* [Assignment] Repeat verbatim, and only, the lines of the data below, beginning at the line that contains "using inv unfolding msg_invariant_def reads_fresh_bounded_def" and stopping after the line that contains "(\<exists>C :: nat.".

■ ■ ■ ■ ■

(* Let $\Omega=[-1,1]$, $\mathbb{X}=C([-1,1])$ with the supremum norm, $J=[t_0,t_0+T]$, and assume the standing setup below. For $n\in\mathbb{N}$ let $h_x=2/n$, $x_i=-1+ih_x$ ($i=0,\dots,n$), let $\ell_i$ be the continuous piecewise-linear "hat" functions with $\ell_i(x_j)=\delta_{ij}$ and breakpoints $\{x_j\}$ (supported on $[x_{i-1},x_{i+1}]\cap[-1,1]$), $\mathbb{X}_n=\mathrm{span}\{\ell_0,\dots,\ell_n\}$, and $P_nv=\sum_{j=0}^n v(x_j)\ell_j$. For $u_0\in\mathbb{X}$, let $u$ solve $u'=N(t,u)$, $u(t_0)=u_0$ and $u_n$ solve $u_n'=P_nN(t,u_n)$, $u_n(t_0)=P_nu_0$. Then $\|u-u_n\|_{C(J,\mathbb{X})}\to0$ as $n\to\infty$. If moreover $u\in C(J,C^2([-1,1]))$, there exists a constant $\kappa_u>0$, depending on $u$ but not on $n$, such that $\|u-u_n\|_{C(J,\mathbb{X})}\le\kappa_uh_x^2$, so the error is $O(n^{-2})$.
   Context: Standing setup: the kernel $w$ on $[-1,1]^2$ satisfies $\lim_{h\to0}\sup_{|x-z|\le h}\int_{-1}^1|w(x,y)-w(z,y)|dy=0$ and $\sup_{x}\int_{-1}^1|w(x,y)|dy<\infty$; $f:\mathbb{R}\to\mathbb{R}$ is bounded, everywhere differentiable and Lipschitz with $f,f'$ bounded; $\xi\in C(J,\mathbb{X})$. $F(u)(x)=f(u(x))$, $(Wu)(x)=\int_{-1}^1w(x,y)u(y)dy$, $N(t,u)=-u+WF(u)+\xi(t)$. Solutions are $C^1(J,\mathbb{X})$ functions satisfying the equation on $J$. $\|v\|_{C(J,\mathbb{X})}=\max_{t\in J}\|v(t)\|_\infty$. *)

theory Defs
  imports "HOL-Analysis.Analysis"
begin

text \<open>Elements of X = C([-1,1]) are represented by functions real => real that are
 continuous on [-1,1]; only their values on [-1,1] matter.\<close>

definition Xsp :: "(real \<Rightarrow> real) set" where
  "Xsp = {v. continuous_on {-1..1} v}"

definition supn :: "(real \<Rightarrow> real) \<Rightarrow> real" where
  "supn v = (SUP x\<in>{-1..1}. \<bar>v x\<bar>)"

definition normCJX :: "real set \<Rightarrow> (real \<Rightarrow> real \<Rightarrow> real) \<Rightarrow> real" where
  "normCJX J v = (SUP t\<in>J. supn (v t))"

definition contJX :: "real set \<Rightarrow> (real \<Rightarrow> real \<Rightarrow> real) \<Rightarrow> bool" where
  "contJX J v \<longleftrightarrow> (\<forall>t\<in>J. v t \<in> Xsp) \<and>
     (\<forall>t\<in>J. \<forall>e>0. \<exists>d>0. \<forall>s\<in>J. \<bar>s - t\<bar> < d \<longrightarrow> supn (\<lambda>x. v s x - v t x) < e)"

definition X_deriv :: "real set \<Rightarrow> (real \<Rightarrow> real \<Rightarrow> real) \<Rightarrow> (real \<Rightarrow> real) \<Rightarrow> real \<Rightarrow> bool" where
  "X_deriv J u d t \<longleftrightarrow>
     ((\<lambda>s. supn (\<lambda>x. (u s x - u t x) / (s - t) - d x)) \<longlongrightarrow> 0) (at t within J)"

definition is_solution ::
  "real set \<Rightarrow> real \<Rightarrow> (real \<Rightarrow> (real \<Rightarrow> real) \<Rightarrow> (real \<Rightarrow> real)) \<Rightarrow> (real \<Rightarrow> real)
   \<Rightarrow> (real \<Rightarrow> real \<Rightarrow> real) \<Rightarrow> bool" where
  "is_solution J t0 G u0 u \<longleftrightarrow>
     contJX J u \<and> contJX J (\<lambda>t. G t (u t)) \<and>
     (\<forall>t\<in>J. X_deriv J u (G t (u t)) t) \<and>
     (\<forall>x\<in>{-1..1}. u t0 x = u0 x)"

definition Wop :: "(real \<Rightarrow> real \<Rightarrow> real) \<Rightarrow> (real \<Rightarrow> real) \<Rightarrow> (real \<Rightarrow> real)" where
  "Wop w v = (\<lambda>x. integral {-1..1} (\<lambda>y. w x y * v y))"

definition Fop :: "(real \<Rightarrow> real) \<Rightarrow> (real \<Rightarrow> real) \<Rightarrow> (real \<Rightarrow> real)" where
  "Fop f v = (\<lambda>x. f (v x))"

definition Nop :: "(real \<Rightarrow> real \<Rightarrow> real) \<Rightarrow> (real \<Rightarrow> real) \<Rightarrow> (real \<Rightarrow> real \<Rightarrow> real)
   \<Rightarrow> real \<Rightarrow> (real \<Rightarrow> real) \<Rightarrow> (real \<Rightarrow> real)" where
  "Nop w f \<xi> t v = (\<lambda>x. - v x + Wop w (Fop f v) x + \<xi> t x)"

definition hx :: "nat \<Rightarrow> real" where
  "hx n = 2 / real n"

definition node :: "nat \<Rightarrow> nat \<Rightarrow> real" where
  "node n i = -1 + real i * hx n"

definition hat :: "nat \<Rightarrow> nat \<Rightarrow> real \<Rightarrow> real" where
  "hat n i x = max 0 (1 - \<bar>x - node n i\<bar> / hx n)"

definition Pn :: "nat \<Rightarrow> (real \<Rightarrow> real) \<Rightarrow> (real \<Rightarrow> real)" where
  "Pn n v = (\<lambda>x. \<Sum>j=0..n. v (node n j) * hat n j x)"

definition C2_with :: "(real \<Rightarrow> real) \<Rightarrow> (real \<Rightarrow> real) \<Rightarrow> (real \<Rightarrow> real) \<Rightarrow> bool" where
  "C2_with v d1 d2 \<longleftrightarrow>
     (\<forall>x\<in>{-1..1}. (v has_real_derivative d1 x) (at x within {-1..1})) \<and>
     (\<forall>x\<in>{-1..1}. (d1 has_real_derivative d2 x) (at x within {-1..1})) \<and>
     continuous_on {-1..1} d2"

text \<open>u \<in> C(J, C^2([-1,1])) with the C^2 norm |v| + |v'| + |v''|.\<close>
definition in_CJ_C2 :: "real set \<Rightarrow> (real \<Rightarrow> real \<Rightarrow> real) \<Rightarrow> bool" where
  "in_CJ_C2 J u \<longleftrightarrow> (\<exists>D1 D2. (\<forall>t\<in>J. C2_with (u t) (D1 t) (D2 t)) \<and>
      contJX J u \<and> contJX J D1 \<and> contJX J D2)"

end

theory Submission imports Defs begin

text \<open>Write the error as u - u_n = (u - P_n u) + (P_n u - u_n). Because P_n u(t) only samples
  nodal values and is at every point a convex combination of two of them, the second term satisfies
  |d/dt (P_n u - u_n)| <= K sup |u - u_n|, with K the sup-norm Lipschitz constant of N. Gronwall's
  inequality then bounds |u - u_n| by exp(K T) times the interpolation error sup |u - P_n u|, which
  tends to 0 by uniform continuity of u on J x [-1,1], and is O(h_x^2) when u_xx is bounded.\<close>

section \<open>The sup norm on C([-1,1]) and on C(J, C([-1,1]))\<close>

lemma supn_least:
  fixes v :: "real \<Rightarrow> real"
  assumes "\<And>x. x \<in> {-1..1} \<Longrightarrow> \<bar>v x\<bar> \<le> c"
  shows "supn v \<le> c"
  unfolding supn_def by (rule cSUP_least) (use assms in auto)

lemma abs_le_supn:
  fixes v :: "real \<Rightarrow> real"
  assumes "continuous_on {-1..1} v" and "x \<in> {-1..1}"
  shows "\<bar>v x\<bar> \<le> supn v"
proof -
  have "bounded (v ` {-1..1})"
    using assms(1) by (intro compact_imp_bounded compact_continuous_image) auto
  then obtain c where "\<forall>y\<in>{-1..1}. \<bar>v y\<bar> \<le> c"
    unfolding bounded_iff by auto
  then show ?thesis
    unfolding supn_def using assms(2) by (intro cSUP_upper bdd_aboveI2) auto
qed

lemma supn_nonneg: "continuous_on {-1..1} v \<Longrightarrow> 0 \<le> supn v"
  using abs_le_supn[of v 0] by auto

lemma abs_supn_diff_le:
  fixes a b :: "real \<Rightarrow> real"
  assumes "continuous_on {-1..1} a" "continuous_on {-1..1} b"
  shows "\<bar>supn a - supn b\<bar> \<le> supn (\<lambda>x. a x - b x)"
proof -
  have "\<bar>a x\<bar> \<le> supn (\<lambda>x. a x - b x) + supn b \<and> \<bar>b x\<bar> \<le> supn (\<lambda>x. a x - b x) + supn a"
    if x: "x \<in> {-1..1}" for x
  proof -
    have "\<bar>a x - b x\<bar> \<le> supn (\<lambda>x. a x - b x)"
      using assms x by (intro abs_le_supn) (auto intro!: continuous_intros)
    then show ?thesis using abs_le_supn[OF assms(1) x] abs_le_supn[OF assms(2) x] by linarith
  qed
  then have "supn a \<le> supn (\<lambda>x. a x - b x) + supn b" "supn b \<le> supn (\<lambda>x. a x - b x) + supn a"
    by (auto intro!: supn_least)
  then show ?thesis by linarith
qed

lemma normCJX_bounds:
  assumes "t1 \<in> J" and "\<And>t. t \<in> J \<Longrightarrow> continuous_on {-1..1} (E t) \<and> supn (E t) \<le> c"
  shows "0 \<le> normCJX J E \<and> normCJX J E \<le> c"
proof
  have "supn (E t1) \<le> normCJX J E"
    unfolding normCJX_def using assms by (intro cSUP_upper bdd_aboveI2) auto
  then show "0 \<le> normCJX J E"
    using supn_nonneg assms by (meson order_trans)
  show "normCJX J E \<le> c"
    unfolding normCJX_def using assms by (intro cSUP_least) auto
qed

lemma contJX_diff:
  assumes "contJX J u" "contJX J v"
  shows "contJX J (\<lambda>t x. u t x - v t x)"
  unfolding contJX_def
proof (intro conjI ballI allI impI)
  have c: "continuous_on {-1..1} (u t)" "continuous_on {-1..1} (v t)" if "t \<in> J" for t
    using assms that unfolding contJX_def Xsp_def by auto
  then show "(\<lambda>x. u t x - v t x) \<in> Xsp" if "t \<in> J" for t
    using that unfolding Xsp_def by (auto intro!: continuous_intros)
  fix t e :: real assume t: "t \<in> J" and e: "0 < e"
  obtain d1 where d1: "d1 > 0" "\<forall>s\<in>J. \<bar>s - t\<bar> < d1 \<longrightarrow> supn (\<lambda>x. u s x - u t x) < e/2"
    using assms(1) t e unfolding contJX_def by (meson half_gt_zero)
  obtain d2 where d2: "d2 > 0" "\<forall>s\<in>J. \<bar>s - t\<bar> < d2 \<longrightarrow> supn (\<lambda>x. v s x - v t x) < e/2"
    using assms(2) t e unfolding contJX_def by (meson half_gt_zero)
  show "\<exists>d>0. \<forall>s\<in>J. \<bar>s - t\<bar> < d \<longrightarrow> supn (\<lambda>x. u s x - v s x - (u t x - v t x)) < e"
  proof (intro exI[of _ "min d1 d2"] conjI ballI impI)
    fix s assume s: "s \<in> J" and st: "\<bar>s - t\<bar> < min d1 d2"
    have "supn (\<lambda>x. u s x - v s x - (u t x - v t x))
        \<le> supn (\<lambda>x. u s x - u t x) + supn (\<lambda>x. v s x - v t x)"
    proof (rule supn_least)
      fix x :: real assume "x \<in> {-1..1}"
      then have "\<bar>u s x - u t x\<bar> \<le> supn (\<lambda>x. u s x - u t x)"
        "\<bar>v s x - v t x\<bar> \<le> supn (\<lambda>x. v s x - v t x)"
        using c s t by (auto intro!: abs_le_supn continuous_intros)
      then show "\<bar>u s x - v s x - (u t x - v t x)\<bar>
          \<le> supn (\<lambda>x. u s x - u t x) + supn (\<lambda>x. v s x - v t x)" by linarith
    qed
    also have "\<dots> < e" using d1 d2 s st by force
    finally show "supn (\<lambda>x. u s x - v s x - (u t x - v t x)) < e" .
  qed (use d1 d2 in auto)
qed

lemma continuous_on_supn:
  assumes "contJX J v"
  shows "continuous_on J (\<lambda>s. supn (v s))"
  unfolding continuous_on_iff
proof (intro ballI allI impI)
  fix t e :: real assume t: "t \<in> J" and e: "0 < e"
  obtain d where d: "d > 0" "\<forall>s\<in>J. \<bar>s - t\<bar> < d \<longrightarrow> supn (\<lambda>x. v s x - v t x) < e"
    using assms t e unfolding contJX_def by meson
  have "dist (supn (v s)) (supn (v t)) < e" if "s \<in> J" "dist s t < d" for s
    using abs_supn_diff_le[of "v s" "v t"] assms that t d
    unfolding contJX_def Xsp_def dist_real_def by fastforce
  then show "\<exists>d>0. \<forall>s\<in>J. dist s t < d \<longrightarrow> dist (supn (v s)) (supn (v t)) < e"
    using d(1) by blast
qed

lemma contJX_imp_continuous_on_Times:
  assumes "contJX J g"
  shows "continuous_on (J \<times> {-1..1}) (\<lambda>p. g (fst p) (snd p))"
  unfolding continuous_on_iff
proof (intro ballI allI impI)
  fix p :: "real \<times> real" and e :: real assume p: "p \<in> J \<times> {-1..1}" and e: "0 < e"
  obtain t x where px: "p = (t, x)" "t \<in> J" "x \<in> {-1..1}" using p by auto
  have cg: "continuous_on {-1..1} (g s)" if "s \<in> J" for s
    using assms that unfolding contJX_def Xsp_def by auto
  obtain d1 where d1: "d1 > 0" "\<forall>s\<in>J. \<bar>s - t\<bar> < d1 \<longrightarrow> supn (\<lambda>x. g s x - g t x) < e/2"
    using assms px e unfolding contJX_def by (meson half_gt_zero)
  obtain d2 where d2: "d2 > 0" "\<forall>y\<in>{-1..1}. dist y x < d2 \<longrightarrow> dist (g t y) (g t x) < e/2"
    using cg[OF px(2)] px e unfolding continuous_on_iff by (meson half_gt_zero)
  have "dist (g s y) (g t x) < e" if q: "(s, y) \<in> J \<times> {-1..1}" "dist (s, y) p < min d1 d2" for s y
  proof -
    have "dist s t < d1" "dist y x < d2"
      using q dist_fst_le[of "(s, y)" p] dist_snd_le[of "(s, y)" p] px by auto
    then have "supn (\<lambda>x. g s x - g t x) < e/2" "dist (g t y) (g t x) < e/2"
      using d1 d2 q by (auto simp: dist_real_def)
    moreover have "\<bar>g s y - g t y\<bar> \<le> supn (\<lambda>x. g s x - g t x)"
      using cg px q by (auto intro!: abs_le_supn continuous_intros)
    moreover have "\<bar>g s y - g t x\<bar> \<le> \<bar>g s y - g t y\<bar> + \<bar>g t y - g t x\<bar>" by linarith
    ultimately show ?thesis unfolding dist_real_def by linarith
  qed
  then show "\<exists>d>0. \<forall>q\<in>J \<times> {-1..1}. dist q p < d \<longrightarrow> dist (g (fst q) (snd q)) (g (fst p) (snd p)) < e"
    using d1 d2 px by (intro exI[of _ "min d1 d2"]) auto
qed
lemma msg_invariant_reachable:
  assumes "reachable n t w v0 g" "w < n"
  shows "msg_invariant n g"
  using assms(1) unfolding reachable_def
proof (induction rule: rtranclp_induct)
  case base
  show ?case by (rule msg_invariant_init)
next
  case (step g g')
  then show ?case
    using net_sources_below_step[OF step(2) \<open>w < n\<close>] reads_rtagged_step[OF step(2)]
      replies_bounded_step[OF step(2)] reads_fresh_bounded_step[OF step(2)]
      write_msgs_bounded_step[OF step(2) \<open>w < n\<close>]
    unfolding msg_invariant_def by blast
qed

lemma read_msgs_le:
  assumes "reachable n t w v0 g" "w < n"
  shows "msgs_of g (RTag a b) \<le> 2 * n"
proof -
  have inv: "msg_invariant n g" using msg_invariant_reachable[OF assms] .
  have "non_reads_sent g (RTag a b) \<le> reads_sent g (RTag a b)"
    using inv unfolding msg_invariant_def replies_bounded_def
    by (metis is_rtag_simps(1) le_add1 le_trans)
  moreover have "reads_sent g (RTag a b) \<le> n"
    using inv unfolding msg_invariant_def reads_fresh_bounded_def by blast
  ultimately show ?thesis by (simp add: msgs_of_eq_reads_plus_non_reads)
qed

lemma write_msgs_le:
  assumes "reachable n t w v0 g" "w < n"
  shows "msgs_of g (WTag k) \<le> 2 * n\<^sup>2"
proof -
  have "card (own_sync_reached n g k) \<le> n"
    using card_mono[of "{..<n}" "own_sync_reached n g k"] by (auto simp: own_sync_reached_def)
  then have "n * card (own_sync_reached n g k) \<le> n * n" by (rule mult_le_mono2)
  moreover have "card (peer_sync_reached n g k) \<le> n * n"
    using card_mono[of "{..<n} \<times> {..<n}" "peer_sync_reached n g k"]
    by (auto simp: peer_sync_reached_def card_cartesian_product)
  moreover have "msgs_of g (WTag k) \<le> n * card (own_sync_reached n g k) + card (peer_sync_reached n g k)"
    using msg_invariant_reachable[OF assms] by (simp add: msg_invariant_def write_msgs_bounded_def)
  ultimately have "msgs_of g (WTag k) \<le> n * n + n * n" by linarith
  then show ?thesis by (simp add: power2_eq_square)
qed

lemma msg_kinds: "(\<exists>v. m = Write0 v) \<or> (\<exists>v. m = Write1 v) \<or> m = Read \<or> m = Proceed"
  by (cases m) auto

theorem theorem2:
  shows "(\<forall>n t w v0 (g :: 'v gstate) m tg s d.
            reachable n t w v0 g \<and> (m, tg, s, d) \<in> set (sent g) \<longrightarrow>
            (\<exists>v. m = Write0 v) \<or> (\<exists>v. m = Write1 v) \<or> m = Read \<or> m = Proceed)
       \<and> (\<exists>C :: nat. \<forall>n t w v0 (g :: 'v gstate).
            2 * t < n \<and> w < n \<and> reachable n t w v0 g \<longrightarrow>
              (\<forall>i r. msgs_of g (RTag i r) \<le> C * n) \<and>
              (\<forall>k. msgs_of g (WTag k) \<le> C * n\<^sup>2))"
proof (intro conjI)
  show "\<forall>n t w v0 (g :: 'v gstate) m tg s d.
          reachable n t w v0 g \<and> (m, tg, s, d) \<in> set (sent g) \<longrightarrow>
          (\<exists>v. m = Write0 v) \<or> (\<exists>v. m = Write1 v) \<or> m = Read \<or> m = Proceed"
    by (intro allI impI msg_kinds)
  show "\<exists>C :: nat. \<forall>n t w v0 (g :: 'v gstate).
          2 * t < n \<and> w < n \<and> reachable n t w v0 g \<longrightarrow>
            (\<forall>i r. msgs_of g (RTag i r) \<le> C * n) \<and> (\<forall>k. msgs_of g (WTag k) \<le> C * n\<^sup>2)"
  proof (intro exI[of _ 2] allI impI conjI)
    fix n t w v0 i r k and g :: "'v gstate"
    assume "2 * t < n \<and> w < n \<and> reachable n t w v0 g"
    then have "reachable n t w v0 g" "w < n" by simp_all
    then show "msgs_of g (RTag i r) \<le> 2 * n" "msgs_of g (WTag k) \<le> 2 * n\<^sup>2"
      by (fact read_msgs_le write_msgs_le)+
  qed
qed

end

■ ■ ■ ■ ■

* [Solved problem]
    using inv unfolding msg_invariant_def reads_fresh_bounded_def by blast
  ultimately show ?thesis by (simp add: msgs_of_eq_reads_plus_non_reads)
qed

lemma write_msgs_le:
  assumes "reachable n t w v0 g" "w < n"
  shows "msgs_of g (WTag k) \<le> 2 * n\<^sup>2"
proof -
  have "card (own_sync_reached n g k) \<le> n"
    using card_mono[of "{..<n}" "own_sync_reached n g k"] by (auto simp: own_sync_reached_def)
  then have "n * card (own_sync_reached n g k) \<le> n * n" by (rule mult_le_mono2)
  moreover have "card (peer_sync_reached n g k) \<le> n * n"
    using card_mono[of "{..<n} \<times> {..<n}" "peer_sync_reached n g k"]
    by (auto simp: peer_sync_reached_def card_cartesian_product)
  moreover have "msgs_of g (WTag k) \<le> n * card (own_sync_reached n g k) + card (peer_sync_reached n g k)"
    using msg_invariant_reachable[OF assms] by (simp add: msg_invariant_def write_msgs_bounded_def)
  ultimately have "msgs_of g (WTag k) \<le> n * n + n * n" by linarith
  then show ?thesis by (simp add: power2_eq_square)
qed

lemma msg_kinds: "(\<exists>v. m = Write0 v) \<or> (\<exists>v. m = Write1 v) \<or> m = Read \<or> m = Proceed"
  by (cases m) auto

theorem theorem2:
  shows "(\<forall>n t w v0 (g :: 'v gstate) m tg s d.
            reachable n t w v0 g \<and> (m, tg, s, d) \<in> set (sent g) \<longrightarrow>
            (\<exists>v. m = Write0 v) \<or> (\<exists>v. m = Write1 v) \<or> m = Read \<or> m = Proceed)
       \<and> (\<exists>C :: nat. \<forall>n t w v0 (g :: 'v gstate).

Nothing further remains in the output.